Brief> In the entries below, find the line with "of \<chi>] cl_in_Q[OF v]" and the line with "using \<phi>(1) \<psi>(1)"; give again those lines and every line between them, exactly.

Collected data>
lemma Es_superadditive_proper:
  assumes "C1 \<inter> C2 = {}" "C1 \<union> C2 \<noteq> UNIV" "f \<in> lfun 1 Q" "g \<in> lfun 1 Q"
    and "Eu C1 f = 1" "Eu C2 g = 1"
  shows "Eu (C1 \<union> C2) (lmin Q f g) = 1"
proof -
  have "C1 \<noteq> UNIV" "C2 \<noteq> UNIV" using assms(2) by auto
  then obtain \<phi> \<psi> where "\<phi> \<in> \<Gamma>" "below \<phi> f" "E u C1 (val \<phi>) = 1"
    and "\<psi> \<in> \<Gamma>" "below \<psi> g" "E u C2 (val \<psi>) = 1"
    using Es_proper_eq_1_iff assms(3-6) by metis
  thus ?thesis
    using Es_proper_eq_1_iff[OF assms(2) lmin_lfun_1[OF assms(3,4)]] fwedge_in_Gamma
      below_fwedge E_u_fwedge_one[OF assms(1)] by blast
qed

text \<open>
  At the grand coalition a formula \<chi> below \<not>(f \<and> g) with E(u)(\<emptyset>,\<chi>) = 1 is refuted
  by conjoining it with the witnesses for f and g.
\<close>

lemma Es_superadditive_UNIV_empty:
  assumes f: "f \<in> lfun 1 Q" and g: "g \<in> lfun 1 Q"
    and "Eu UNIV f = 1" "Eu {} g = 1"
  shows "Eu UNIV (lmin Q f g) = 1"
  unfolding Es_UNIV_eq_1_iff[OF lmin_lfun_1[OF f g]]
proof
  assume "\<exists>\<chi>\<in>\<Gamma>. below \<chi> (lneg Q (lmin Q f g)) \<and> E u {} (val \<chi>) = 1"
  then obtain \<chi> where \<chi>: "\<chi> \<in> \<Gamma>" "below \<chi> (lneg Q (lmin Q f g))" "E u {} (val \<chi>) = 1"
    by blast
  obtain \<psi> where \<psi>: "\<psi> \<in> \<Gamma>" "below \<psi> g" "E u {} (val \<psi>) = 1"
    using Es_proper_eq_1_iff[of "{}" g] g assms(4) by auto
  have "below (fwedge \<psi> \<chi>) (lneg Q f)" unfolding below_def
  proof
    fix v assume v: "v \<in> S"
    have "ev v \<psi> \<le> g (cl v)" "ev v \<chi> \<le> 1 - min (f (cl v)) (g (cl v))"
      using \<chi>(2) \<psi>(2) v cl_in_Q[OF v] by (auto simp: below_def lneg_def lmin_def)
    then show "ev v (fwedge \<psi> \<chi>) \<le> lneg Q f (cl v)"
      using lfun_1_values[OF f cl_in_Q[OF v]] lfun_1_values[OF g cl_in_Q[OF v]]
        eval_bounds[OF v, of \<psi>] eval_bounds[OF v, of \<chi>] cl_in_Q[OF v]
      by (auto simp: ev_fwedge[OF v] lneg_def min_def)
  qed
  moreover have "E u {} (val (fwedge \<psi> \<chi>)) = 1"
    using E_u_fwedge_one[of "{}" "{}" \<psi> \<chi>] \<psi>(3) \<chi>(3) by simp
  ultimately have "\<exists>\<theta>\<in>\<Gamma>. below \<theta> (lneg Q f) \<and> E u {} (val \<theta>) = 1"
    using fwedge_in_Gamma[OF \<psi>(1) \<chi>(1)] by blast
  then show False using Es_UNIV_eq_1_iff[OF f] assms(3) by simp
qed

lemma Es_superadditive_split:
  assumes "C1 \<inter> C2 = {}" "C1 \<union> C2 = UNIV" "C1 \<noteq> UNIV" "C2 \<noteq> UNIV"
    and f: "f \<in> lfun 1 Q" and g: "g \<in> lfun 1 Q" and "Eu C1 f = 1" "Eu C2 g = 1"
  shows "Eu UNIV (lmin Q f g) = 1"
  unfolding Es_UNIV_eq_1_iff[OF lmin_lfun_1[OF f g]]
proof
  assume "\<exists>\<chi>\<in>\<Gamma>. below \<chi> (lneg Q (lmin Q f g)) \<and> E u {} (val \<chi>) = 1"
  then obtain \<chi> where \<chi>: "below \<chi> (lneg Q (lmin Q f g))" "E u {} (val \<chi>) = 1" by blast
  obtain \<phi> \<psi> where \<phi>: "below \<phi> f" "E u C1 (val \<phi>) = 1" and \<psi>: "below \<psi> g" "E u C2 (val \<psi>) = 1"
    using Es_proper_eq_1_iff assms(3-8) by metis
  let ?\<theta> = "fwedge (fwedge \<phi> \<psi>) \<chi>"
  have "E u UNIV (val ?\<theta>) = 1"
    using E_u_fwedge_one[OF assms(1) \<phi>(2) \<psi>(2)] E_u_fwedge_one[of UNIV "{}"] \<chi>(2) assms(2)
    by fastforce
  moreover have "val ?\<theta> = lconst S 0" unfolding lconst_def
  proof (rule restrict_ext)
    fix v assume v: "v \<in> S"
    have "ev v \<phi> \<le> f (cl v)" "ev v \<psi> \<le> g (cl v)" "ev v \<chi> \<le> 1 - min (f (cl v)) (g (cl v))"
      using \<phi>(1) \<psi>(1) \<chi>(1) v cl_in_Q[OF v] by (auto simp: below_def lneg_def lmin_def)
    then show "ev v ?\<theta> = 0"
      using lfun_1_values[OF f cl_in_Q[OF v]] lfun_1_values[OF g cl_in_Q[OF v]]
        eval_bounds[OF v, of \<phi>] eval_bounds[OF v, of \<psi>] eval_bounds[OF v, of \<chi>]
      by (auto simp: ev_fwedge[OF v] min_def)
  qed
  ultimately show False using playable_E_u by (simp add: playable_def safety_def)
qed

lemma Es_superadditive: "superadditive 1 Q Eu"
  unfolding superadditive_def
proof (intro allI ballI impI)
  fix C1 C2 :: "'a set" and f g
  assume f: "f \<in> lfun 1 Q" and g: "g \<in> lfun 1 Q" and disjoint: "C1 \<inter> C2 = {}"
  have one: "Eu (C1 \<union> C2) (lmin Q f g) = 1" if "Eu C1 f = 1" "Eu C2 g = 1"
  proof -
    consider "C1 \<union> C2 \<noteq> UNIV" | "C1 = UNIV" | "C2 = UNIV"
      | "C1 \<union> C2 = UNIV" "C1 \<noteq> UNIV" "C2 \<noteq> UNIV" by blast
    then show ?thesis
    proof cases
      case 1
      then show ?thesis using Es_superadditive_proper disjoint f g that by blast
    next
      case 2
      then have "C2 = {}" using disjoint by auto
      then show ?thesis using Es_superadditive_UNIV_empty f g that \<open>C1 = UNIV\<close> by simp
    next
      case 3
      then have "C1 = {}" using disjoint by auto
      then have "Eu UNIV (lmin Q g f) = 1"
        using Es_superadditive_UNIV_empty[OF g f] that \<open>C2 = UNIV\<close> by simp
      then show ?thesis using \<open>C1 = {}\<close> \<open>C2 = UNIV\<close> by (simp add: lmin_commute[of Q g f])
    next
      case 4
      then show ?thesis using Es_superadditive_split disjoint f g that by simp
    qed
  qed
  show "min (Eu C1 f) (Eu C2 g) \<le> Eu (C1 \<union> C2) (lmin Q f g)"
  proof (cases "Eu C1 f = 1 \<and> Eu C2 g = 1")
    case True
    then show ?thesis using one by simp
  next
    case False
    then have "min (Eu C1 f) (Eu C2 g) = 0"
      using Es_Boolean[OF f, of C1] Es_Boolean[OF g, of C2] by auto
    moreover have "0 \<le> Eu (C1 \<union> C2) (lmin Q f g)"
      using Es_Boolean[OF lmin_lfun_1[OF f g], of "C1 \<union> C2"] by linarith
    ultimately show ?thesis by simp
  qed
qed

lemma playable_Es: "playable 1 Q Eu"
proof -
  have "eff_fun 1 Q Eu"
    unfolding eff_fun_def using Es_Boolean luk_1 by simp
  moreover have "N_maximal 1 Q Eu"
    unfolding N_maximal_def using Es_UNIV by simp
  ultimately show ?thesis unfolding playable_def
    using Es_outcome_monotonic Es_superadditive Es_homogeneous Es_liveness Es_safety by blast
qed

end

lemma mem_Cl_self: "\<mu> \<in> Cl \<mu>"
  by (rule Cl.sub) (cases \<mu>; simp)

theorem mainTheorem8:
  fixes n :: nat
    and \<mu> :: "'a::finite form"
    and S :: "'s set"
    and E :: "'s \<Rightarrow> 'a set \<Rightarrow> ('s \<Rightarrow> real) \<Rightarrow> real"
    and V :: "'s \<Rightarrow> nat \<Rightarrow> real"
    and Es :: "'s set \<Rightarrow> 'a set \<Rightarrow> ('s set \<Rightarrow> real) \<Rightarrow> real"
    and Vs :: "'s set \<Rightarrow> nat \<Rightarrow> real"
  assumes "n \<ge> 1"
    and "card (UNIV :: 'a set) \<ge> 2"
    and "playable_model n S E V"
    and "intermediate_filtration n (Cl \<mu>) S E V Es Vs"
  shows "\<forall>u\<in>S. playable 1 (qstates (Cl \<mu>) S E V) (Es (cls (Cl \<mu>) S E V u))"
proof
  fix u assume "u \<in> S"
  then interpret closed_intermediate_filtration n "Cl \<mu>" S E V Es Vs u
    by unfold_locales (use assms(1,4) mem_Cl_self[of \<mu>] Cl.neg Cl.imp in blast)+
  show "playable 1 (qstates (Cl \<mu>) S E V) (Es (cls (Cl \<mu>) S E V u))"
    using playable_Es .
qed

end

Answer box>
        eval_bounds[OF v, of \<psi>] eval_bounds[OF v, of \<chi>] cl_in_Q[OF v]
      by (auto simp: ev_fwedge[OF v] lneg_def min_def)
  qed
  moreover have "E u {} (val (fwedge \<psi> \<chi>)) = 1"
    using E_u_fwedge_one[of "{}" "{}" \<psi> \<chi>] \<psi>(3) \<chi>(3) by simp
  ultimately have "\<exists>\<theta>\<in>\<Gamma>. below \<theta> (lneg Q f) \<and> E u {} (val \<theta>) = 1"
    using fwedge_in_Gamma[OF \<psi>(1) \<chi>(1)] by blast
  then show False using Es_UNIV_eq_1_iff[OF f] assms(3) by simp
qed

lemma Es_superadditive_split:
  assumes "C1 \<inter> C2 = {}" "C1 \<union> C2 = UNIV" "C1 \<noteq> UNIV" "C2 \<noteq> UNIV"
    and f: "f \<in> lfun 1 Q" and g: "g \<in> lfun 1 Q" and "Eu C1 f = 1" "Eu C2 g = 1"
  shows "Eu UNIV (lmin Q f g) = 1"
  unfolding Es_UNIV_eq_1_iff[OF lmin_lfun_1[OF f g]]
proof
  assume "\<exists>\<chi>\<in>\<Gamma>. below \<chi> (lneg Q (lmin Q f g)) \<and> E u {} (val \<chi>) = 1"
  then obtain \<chi> where \<chi>: "below \<chi> (lneg Q (lmin Q f g))" "E u {} (val \<chi>) = 1" by blast
  obtain \<phi> \<psi> where \<phi>: "below \<phi> f" "E u C1 (val \<phi>) = 1" and \<psi>: "below \<psi> g" "E u C2 (val \<psi>) = 1"
    using Es_proper_eq_1_iff assms(3-8) by metis
  let ?\<theta> = "fwedge (fwedge \<phi> \<psi>) \<chi>"
  have "E u UNIV (val ?\<theta>) = 1"
    using E_u_fwedge_one[OF assms(1) \<phi>(2) \<psi>(2)] E_u_fwedge_one[of UNIV "{}"] \<chi>(2) assms(2)
    by fastforce
  moreover have "val ?\<theta> = lconst S 0" unfolding lconst_def
  proof (rule restrict_ext)
    fix v assume v: "v \<in> S"
    have "ev v \<phi> \<le> f (cl v)" "ev v \<psi> \<le> g (cl v)" "ev v \<chi> \<le> 1 - min (f (cl v)) (g (cl v))"
      using \<phi>(1) \<psi>(1) \<chi>(1) v cl_in_Q[OF v] by (auto simp: below_def lneg_def lmin_def)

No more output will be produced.